ATS How To: How to Cool High Power LED
Clemens Lasance Lecture on LED Thermal Management: Thermal Management for LED Applications: What is the Role of the PCB?
Clemens Lasance, Michael Gay, Norm Berry, Richard A. Wessel on MCPCB’s for LED Applications: MCPCB’s for LED Applications, Thermal Management Material Specifications
Jeff Hill of Arrow Electronics Video: An Energy Star Compliant Reference Design For LED Light Fixture
Dr. Kaveh Azar Video Interview: LED Heat Sink Types and Applications

Anyway, its free, no salesperson will call, no registration required. Here's the link: http://qats.com/cms/free-thermal-management-led-lighting-resource-kit/

We do alot of work on LED engineering so, if you have a question, post it here and I'll check with our engineers and see if we can get you an answer.

John


----------



## tonycollinet (Nov 29, 2011)

pavithra_uk said:


> Thanks for reply
> 
> Yes I tried it with 3W (Luxeon K2) and remain cool. Now Im gonna try with two 3W LEDS.



Don't forget to make sure that there is good thermal coupling between led and heatsink. If not, the LED will get stinking hot, and the heatsink will stay cool. Use thermal paste of some sort.


----------



## Kamlesh Barot (Sep 20, 2014)

Dear Mr. John,

i went through each of the links in your reference Kit. I couldn't find an answer to my issue. Need help for my LED.
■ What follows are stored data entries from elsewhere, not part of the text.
lemma finite_ext_pts_lecture_hall_fun:
  fixes s :: "'i::{finite,linorder} \<Rightarrow> nat"
  assumes s: "\<forall>i. 0 < s i"
  shows "finite (ext_pts (lecture_hall_fun UNIV s))"
proof (rule finite_subset)
  show "ext_pts (lecture_hall_fun UNIV s) \<subseteq> range (\<lambda>A i. if i \<in> A then real (s i) else 0)"
  proof
    fix v assume "v \<in> ext_pts (lecture_hall_fun UNIV s)"
    then have "v = (\<lambda>i. if i \<in> {i. v i \<noteq> 0} then real (s i) else 0)"
      using lecture_hall_fun_extreme_coord[of v UNIV s] s by fastforce
    then show "v \<in> range (\<lambda>A i. if i \<in> A then real (s i) else 0)"
      by blast
  qed
qed simp

lemma staircase_of_lecture_hall_vertices:
  fixes V :: "('i::{finite,linorder} \<Rightarrow> real) set"
  assumes V: "V \<subseteq> ext_pts (lecture_hall_fun UNIV s)" "V \<noteq> {}" and s: "\<forall>i. 0 < s i"
  obtains p \<rho> where "V = staircase \<rho> s ` {..p}" "admissible_staircase \<rho> s p"
proof -
  define supp where "supp v = {i. v i \<noteq> 0}" for v :: "'i \<Rightarrow> real"
  have vertex: "v i = (if i \<in> supp v then real (s i) else 0)" if "v \<in> V" for v i
    using lecture_hall_fun_extreme_coord[of v UNIV s i] V s that unfolding supp_def by auto
  have fin: "finite V"
    using V(1) finite_ext_pts_lecture_hall_fun[OF s] by (rule finite_subset)
  have inj: "inj_on supp V"
  proof (rule inj_onI)
    fix v w assume "v \<in> V" "w \<in> V" "supp v = supp w"
    show "v = w"
    proof
      fix i
      show "v i = w i"
        using vertex[OF \<open>v \<in> V\<close>, of i] vertex[OF \<open>w \<in> V\<close>, of i] \<open>supp v = supp w\<close> by simp
    qed
  qed
  have chain: "supp v \<subseteq> supp w \<or> supp w \<subseteq> supp v" if "v \<in> V" "w \<in> V" for v w
    using that V(1) lecture_hall_fun_vertex_up[OF _ s] unfolding supp_def
    by (intro up_closed_sets_chain) blast+
  obtain g and p :: nat where g: "bij_betw g {..p} V"
    and nested: "\<And>k k'. k < k' \<Longrightarrow> k' \<le> p \<Longrightarrow> supp (g k') \<subset> supp (g k)"
    using chain_enumeration[OF fin V(2) inj chain] by blast
  have "g k i = (if i \<in> supp (g k) then real (s i) else 0)" if "k \<le> p" for k i
    using bij_betwE[OF g] that by (intro vertex) simp
  then obtain \<rho> where \<rho>: "\<forall>k\<le>p. g k = staircase \<rho> s k" "\<forall>i. \<rho> i \<le> Suc p"
    "\<forall>r\<in>{1..p}. \<exists>i. \<rho> i = r"
    using nested by (rule staircase_of_nested_supports)
  have "V = staircase \<rho> s ` {..p}"
    using \<rho>(1) bij_betw_imp_surj_on[OF g] by auto
  moreover have "admissible_staircase \<rho> s p"
    using \<rho>(2,3) s unfolding admissible_staircase_def by fastforce
  ultimately show thesis
    by (rule that)
qed

lemma lecture_hall_vec_nth: "vec_nth ` lecture_hall s = lecture_hall_fun UNIV s"
proof
  show "vec_nth ` lecture_hall s \<subseteq> lecture_hall_fun UNIV s"
    unfolding lecture_hall_def lecture_hall_fun_def by auto
  show "lecture_hall_fun UNIV s \<subseteq> vec_nth ` lecture_hall s"
  proof
    fix x assume "x \<in> lecture_hall_fun UNIV s"
    then have "vec_lambda x \<in> lecture_hall s"
      unfolding lecture_hall_def lecture_hall_fun_def by simp
    then show "x \<in> vec_nth ` lecture_hall s"
      by (metis image_eqI vec_lambda_inverse UNIV_I)
  qed
qed

lemma convex_lecture_hall: "convex (lecture_hall s)"
proof (rule convexI)
  fix x y and u v :: real
  assume x: "x \<in> lecture_hall s" and y: "y \<in> lecture_hall s" and uv: "0 \<le> u" "0 \<le> v" "u + v = 1"
  define X where "X i = x $ i / real (s i)" for i
  define Y where "Y i = y $ i / real (s i)" for i
  have XY: "0 \<le> X i" "X i \<le> 1" "0 \<le> Y i" "Y i \<le> 1" for i
    using x y unfolding lecture_hall_def X_def Y_def by blast+
  have XY_mono: "X i \<le> X j" "Y i \<le> Y j" if "i \<le> j" for i j
    using x y that unfolding lecture_hall_def X_def Y_def by blast+
  have "(u *\<^sub>R x + v *\<^sub>R y) $ i / real (s i) = u * X i + v * Y i" for i
    unfolding X_def Y_def by (simp add: add_divide_distrib)
  moreover have "0 \<le> u * X i + v * Y i" "u * X i + v * Y i \<le> 1" for i
    using XY uv by (simp_all add: convex_bound_le)
  moreover have "u * X i + v * Y i \<le> u * X j + v * Y j" if "i \<le> j" for i j
    using XY_mono[OF that] uv by (intro add_mono mult_left_mono)
  ultimately show "u *\<^sub>R x + v *\<^sub>R y \<in> lecture_hall s"
    unfolding lecture_hall_def by simp
qed

lemma compact_lecture_hall:
  assumes "\<forall>i. 0 < s i"
  shows "compact (lecture_hall s)"
  unfolding compact_eq_bounded_closed
proof
  show "closed (lecture_hall s)"
    unfolding lecture_hall_def using assms
    by (intro closed_Collect_conj closed_Collect_all closed_Collect_imp closed_Collect_le continuous_intros) auto
  have "lecture_hall s \<subseteq> cbox 0 (\<chi> i. real (s i))"
  proof
    fix x assume "x \<in> lecture_hall s"
    then have "vec_nth x \<in> lecture_hall_fun UNIV s"
      using lecture_hall_vec_nth by blast
    then show "x \<in> cbox 0 (\<chi> i. real (s i))"
      using lecture_hall_fun_bounds[of "vec_nth x" UNIV s] assms by (simp add: mem_box_cart)
  qed
  then show "bounded (lecture_hall s)"
    using bounded_cbox bounded_subset by blast
qed

lemma vec_nth_extreme_point:
  assumes "v extreme_point_of S"
  shows "vec_nth v \<in> ext_pts (vec_nth ` S)"
  unfolding ext_pts_def
proof (intro CollectI conjI notI)
  show "vec_nth v \<in> vec_nth ` S"
    using assms unfolding extreme_point_of_def by blast
  assume "\<exists>a\<in>vec_nth ` S. \<exists>b\<in>vec_nth ` S. \<exists>u. a \<noteq> b \<and> 0 < u \<and> u < 1 \<and>
      vec_nth v = (\<lambda>i. (1 - u) * a i + u * b i)"
  then obtain a b u where "a \<in> S" "b \<in> S" "a \<noteq> b" "0 < u" "u < 1"
    and "vec_nth v = (\<lambda>i. (1 - u) * a $ i + u * b $ i)"
    by blast
  then have "v \<in> open_segment a b"
    unfolding in_segment by (auto simp: vec_eq_iff fun_eq_iff)
  then show False
    using assms \<open>a \<in> S\<close> \<open>b \<in> S\<close> unfolding extreme_point_of_def by blast
qed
I was able to procure after a lot of turmoil, 10 watt - 12000 CCT x 8 numbers white LEDs for my planted tank from Singapore to my home in Bombay. After plastering it with the thermal plaster "Kafuter 5202" on my two heat sinks having 5 fins in nine inch length, had connected four each LEDs on the two sinks. Out of the four LEDs on each heat sink, two are connected in parallel on each heat sink, while the rest are in series joined to a driver matched with the LEDs. 


Out of the two heat sinks, one has 8 x 3 watt - 10000 kelvin LEDs working on them earlier, the new 4 LEDs are in between the square placement of the old LEDs.


After switching the lights on the new 4 LED sink doesn't heat up so much since I have put a small fan above the fins of this heat sink and on the 4+4 heat sink I have put another small fan on one side of the fins inputting the air and a small fan with fins on the other side of the fins to pull out the air.


There is small fan bringing ambient air (30 degrees C) from outside in the box above the aquarium. But the 4+4 heat sink does not dissipate as much heat as the 40 watts new plus the 24 watts old LEDs. It gets too hot to touch.


Please help me where I can change something that these new as well as old LEDs can be put on during the nine hours of the day.


Kamlesh Barot


----------